From levodopa to Deep Brain Stimulation (DBS) we're all pretty familiar with the treatments for Parkinson's. But could there be something, just around the corner, that could change the whole game, not just stalling but reversing the tide of symptoms? That's the subject the Movers and Shakers are discussing today as they gather in the Notting Hill pub with special guest Professor Roger Barker, a world-leading expert on the application of stem cells as a potentially revolutionary treatment for Parkinson's.

By Podot

Each week Rory Cellan-Jones guides us between the laughs and moans in the pub. To read Rory's summary of this week's episode click here.


Watch Behind the Scenes with Roger A Barker


Guest Biography

Roger A Barker

Roger A Barker is the Professor of Clinical Neuroscience at the University of Cambridge and an Honorary Consultant in Neurology at Addenbrooke’s hospital in Cambridge. He undertook his undergraduate studies in Oxford University and his clinical training at St Thomas’ Hospital in London. He then completed his general medical training before undertaking a PhD in Cambridge looking at repairing the brain in Parkinson’s disease using cell therapies. Since then he has gone on to work on novel cell and gene therapies for PD as well as related condition Huntington’s Disease (HD). He has completed 2 gene therapy trials in PD, 2 cell therapy trials in PD and a cell therapy trial in HD. He has also undertaken small molecule and drug repurposing trials in HD as well as epidemiological studies describing the natural history of PD and its subtypes- subtypes that he then marries up to these new therapies. He has been a Director of the International Society for Stem Cell Research and is the new President of the World Parkinson Coalition. He has published extensively and is heavily involved with the Cure Parkinson charity.


Dopamime Cell Therapies for Parkinson's Disease - Is this a pipe dream?

By Roger A Barker

The idea that you could repair the brain in Parkinson’s disease (PD) has long been considered and some successes have been achieved over the years using this approach, but also there have been many failures. However, in 2024 we are just entering an exciting new phase where a range of human stem cell derived dopamine cells are transitioning into clinical trials in people with Parkinson’s (PwP) for the first time.
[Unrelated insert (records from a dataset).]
(* Let $G$ be a finite nested group with chain of centers $G=X_0>X_1>\dots>X_n\ge1$. Then $X_i/[X_i,G]=Z(G/[X_i,G])$ for every $i=0,\dots,n$.
   Context: For $\chi\in\mathrm{Irr}(G)$, $Z(\chi)=\{g\in G: |\chi(g)|=\chi(1)\}$. $G$ is nested if for all $\chi,\psi\in\mathrm{Irr}(G)$ either $Z(\chi)\le Z(\psi)$ or $Z(\psi)\le Z(\chi)$; then the distinct subgroups $Z(\chi)$, $\chi\in\mathrm{Irr}(G)$, form a chain $G=X_0>X_1>\dots>X_n\ge1$, the chain of centers. *)

theory Defs
  imports "HOL-Algebra.Algebra" "Jordan_Normal_Form.Matrix"
begin

definition mat_trace :: "complex mat \<Rightarrow> complex" where
  "mat_trace A = (\<Sum>i<dim_row A. A $$ (i, i))"

definition is_rep :: "('g, 'b) monoid_scheme \<Rightarrow> nat \<Rightarrow> ('g \<Rightarrow> complex mat) \<Rightarrow> bool" where
  "is_rep G d \<rho> \<longleftrightarrow>
     (\<forall>g\<in>carrier G. \<rho> g \<in> carrier_mat d d) \<and>
     \<rho> \<one>\<^bsub>G\<^esub> = 1\<^sub>m d \<and>
     (\<forall>g\<in>carrier G. \<forall>h\<in>carrier G. \<rho> (g \<otimes>\<^bsub>G\<^esub> h) = \<rho> g * \<rho> h)"

definition is_subspace :: "nat \<Rightarrow> complex vec set \<Rightarrow> bool" where
  "is_subspace d W \<longleftrightarrow> W \<subseteq> carrier_vec d \<and> 0\<^sub>v d \<in> W \<and>
     (\<forall>v\<in>W. \<forall>w\<in>W. v + w \<in> W) \<and> (\<forall>c. \<forall>v\<in>W. c \<cdot>\<^sub>v v \<in> W)"

definition is_irr_rep :: "('g, 'b) monoid_scheme \<Rightarrow> nat \<Rightarrow> ('g \<Rightarrow> complex mat) \<Rightarrow> bool" where
  "is_irr_rep G d \<rho> \<longleftrightarrow> is_rep G d \<rho> \<and> d > 0 \<and>
     (\<forall>W. is_subspace d W \<and> (\<forall>g\<in>carrier G. \<forall>w\<in>W. \<rho> g *\<^sub>v w \<in> W)
          \<longrightarrow> W = {0\<^sub>v d} \<or> W = carrier_vec d)"

definition Irr :: "('g, 'b) monoid_scheme \<Rightarrow> ('g \<Rightarrow> complex) set" where
  "Irr G = {\<chi>. \<exists>d \<rho>. is_irr_rep G d \<rho> \<and> (\<forall>g\<in>carrier G. \<chi> g = mat_trace (\<rho> g))}"

definition char_center :: "('g, 'b) monoid_scheme \<Rightarrow> ('g \<Rightarrow> complex) \<Rightarrow> 'g set" where
  "char_center G \<chi> = {g \<in> carrier G. complex_of_real (cmod (\<chi> g)) = \<chi> \<one>\<^bsub>G\<^esub>}"

definition nested :: "('g, 'b) monoid_scheme \<Rightarrow> bool" where
  "nested G \<longleftrightarrow> (\<forall>\<chi>\<in>Irr G. \<forall>\<psi>\<in>Irr G.
      char_center G \<chi> \<subseteq> char_center G \<psi> \<or> char_center G \<psi> \<subseteq> char_center G \<chi>)"

definition comm_subgroup :: "('g, 'b) monoid_scheme \<Rightarrow> 'g set \<Rightarrow> 'g set \<Rightarrow> 'g set" where
  "comm_subgroup G H K = generate G
     {h \<otimes>\<^bsub>G\<^esub> k \<otimes>\<^bsub>G\<^esub> inv\<^bsub>G\<^esub> h \<otimes>\<^bsub>G\<^esub> inv\<^bsub>G\<^esub> k | h k. h \<in> H \<and> k \<in> K}"

definition group_center :: "('g, 'b) monoid_scheme \<Rightarrow> 'g set" where
  "group_center G = {z \<in> carrier G. \<forall>g\<in>carrier G. z \<otimes>\<^bsub>G\<^esub> g = g \<otimes>\<^bsub>G\<^esub> z}"

end

theory Submission
  imports Defs "Jordan_Normal_Form.Jordan_Normal_Form_Existence" "Jordan_Normal_Form.Spectral_Radius"
begin

text \<open>
  Let \<open>\<chi>\<close> be afforded by the irreducible representation \<open>\<rho>\<close> of degree \<open>d\<close>. An element \<open>g\<close>
  lies in \<open>Z(\<chi>)\<close> iff \<open>\<rho> g\<close> is scalar: \<open>\<rho> g\<close> is diagonalisable with roots of unity as
  eigenvalues, and \<open>|\<chi> g| = d\<close> forces them all to coincide. Hence \<open>[Z(\<chi>), G] \<subseteq> ker \<rho>\<close>.
  Cosets of \<open>Z(\<chi>)\<close> are central in \<open>G/[Z(\<chi>),G]\<close> by construction; conversely, if
  \<open>g[Z(\<chi>),G]\<close> is central, every commutator \<open>[g,h]\<close> lies in \<open>ker \<rho>\<close>, so \<open>\<rho> g\<close> commutes
  with \<open>\<rho>(G)\<close> and is scalar by Schur's lemma.
\<close>

subsection \<open>Block diagonal, Jordan and scalar matrices\<close>

lemma diag_block_mat_eq_one_mat:
  fixes Bs :: "'a :: zero_neq_one mat list"
  assumes "Ball (set Bs) square_mat" "diag_block_mat Bs = 1\<^sub>m k" "B \<in> set Bs"
  shows "B = 1\<^sub>m (dim_row B)"
  using assms
proof (induct Bs arbitrary: k)
  case Nil then show ?case by simp
next
  case (Cons B' Bs)
  define D where "D = diag_block_mat Bs"
  have sqD: "square_mat D" unfolding D_def using Cons(2) diag_block_mat_square by auto
  have sqB: "dim_col B' = dim_row B'" using Cons(2) by auto
  let ?F = "four_block_mat B' (0\<^sub>m (dim_row B') (dim_col D)) (0\<^sub>m (dim_row D) (dim_col B')) D"
  have F: "?F = 1\<^sub>m k" using Cons(3) unfolding D_def by (simp add: Let_def)
  have k: "k = dim_row B' + dim_row D" using arg_cong[OF F, of dim_row] by simp
  have entry: "\<And>i j. i < k \<Longrightarrow> j < k \<Longrightarrow> ?F $$ (i,j) = 1\<^sub>m k $$ (i,j)"
    using F by simp
  have B': "B' = 1\<^sub>m (dim_row B')"
  proof (rule eq_matI)
    fix i j assume "i < dim_row (1\<^sub>m (dim_row B') :: 'a mat)" "j < dim_col (1\<^sub>m (dim_row B') :: 'a mat)"
    then show "B' $$ (i, j) = 1\<^sub>m (dim_row B') $$ (i, j)"
      using entry[of i j] sqB sqD k by simp
  qed (use sqB in auto)
  have D: "D = 1\<^sub>m (dim_row D)"
  proof (rule eq_matI)
    fix i j assume "i < dim_row (1\<^sub>m (dim_row D) :: 'a mat)" "j < dim_col (1\<^sub>m (dim_row D) :: 'a mat)"
    then show "D $$ (i, j) = 1\<^sub>m (dim_row D) $$ (i, j)"
      using entry[of "i + dim_row B'" "j + dim_row B'"] sqB sqD k by simp
  qed (use sqD in auto)
  from Cons(4) consider "B = B'" | "B \<in> set Bs" by auto
  then show ?case
  proof cases
    case 2
    then show ?thesis using Cons(1)[of "dim_row D"] Cons(2) D unfolding D_def by auto
  qed (use B' in simp)
qed

lemma diag_block_mat_smult_one_mat:
  fixes c :: "'a :: semiring_1"
  assumes "\<And>B. B \<in> set Bs \<Longrightarrow> B = c \<cdot>\<^sub>m 1\<^sub>m (dim_row B)"
  shows "diag_block_mat Bs = c \<cdot>\<^sub>m 1\<^sub>m (sum_list (map dim_row Bs))"
  using assms
proof (induct Bs)
  case Nil then show ?case by (auto intro!: eq_matI)
next
  case (Cons B Bs)
  have IH: "diag_block_mat Bs = c \<cdot>\<^sub>m 1\<^sub>m (sum_list (map dim_row Bs))" using Cons by auto
  have B: "B = c \<cdot>\<^sub>m 1\<^sub>m (dim_row B)" using Cons by auto
  then have "dim_col B = dim_row B" by (metis dim_col_mat(1) index_smult_mat(3) index_one_mat(3))
  then show ?case
    by (subst B) (auto simp: Let_def IH intro!: eq_matI)
qed

lemma jordan_block_pow_eq_one_mat:
  fixes a :: "'a :: {idom, ring_char_0}"
  assumes "n > 0" "m > 0" "jordan_block n a ^\<^sub>m m = 1\<^sub>m n"
  shows "n = 1 \<and> a ^ m = 1"
proof -
  have "a ^ m = 1"
    using arg_cong[OF assms(3), of "\<lambda>M. M $$ (0, 0)"] assms(1) unfolding jordan_block_pow by simp
  moreover have "n \<le> 1"
  proof (rule ccontr)
    assume "\<not> n \<le> 1"
    then have "of_nat m * a ^ (m - 1) = (0 :: 'a)"
      using arg_cong[OF assms(3), of "\<lambda>M. M $$ (0, 1)"] unfolding jordan_block_pow by simp
    moreover have "a \<noteq> 0" using \<open>a ^ m = 1\<close> assms(2) by (metis power_0_left zero_neq_one not_gr0)
    ultimately show False using assms(2) by simp
  qed
  ultimately show ?thesis using assms(1) by simp
qed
The basic concept is to replace the dopamine cells lost in PD with a new set and by so doing repair a critical site of pathology, namely the nigrostriatal dopaminergic pathway which is currently targeted therapeutically with oral dopamine drugs and neurosurgical interventions. In the human brain, there are between 400,000 and 500,000 dopamine cells within the midbrain (including the substantia nigra- a site of major pathology in PD) and when one has lost half of these cells, the first symptoms and signs of PD emerge. The importance of this pathology to the problems of early PD is evidenced by the fact that dopamine drugs work very well in ameliorating these clinical features although with time side effects emerge due to off target effects and the non-physiological stimulation of the pathway by drugs taken orally.  All of which means that if you could graft in about 200,000 new dopamine nerve cells then many of the early features of PD should go away without the need to take drugs which brings with it the added advantage that you would avoid all the long term side effects.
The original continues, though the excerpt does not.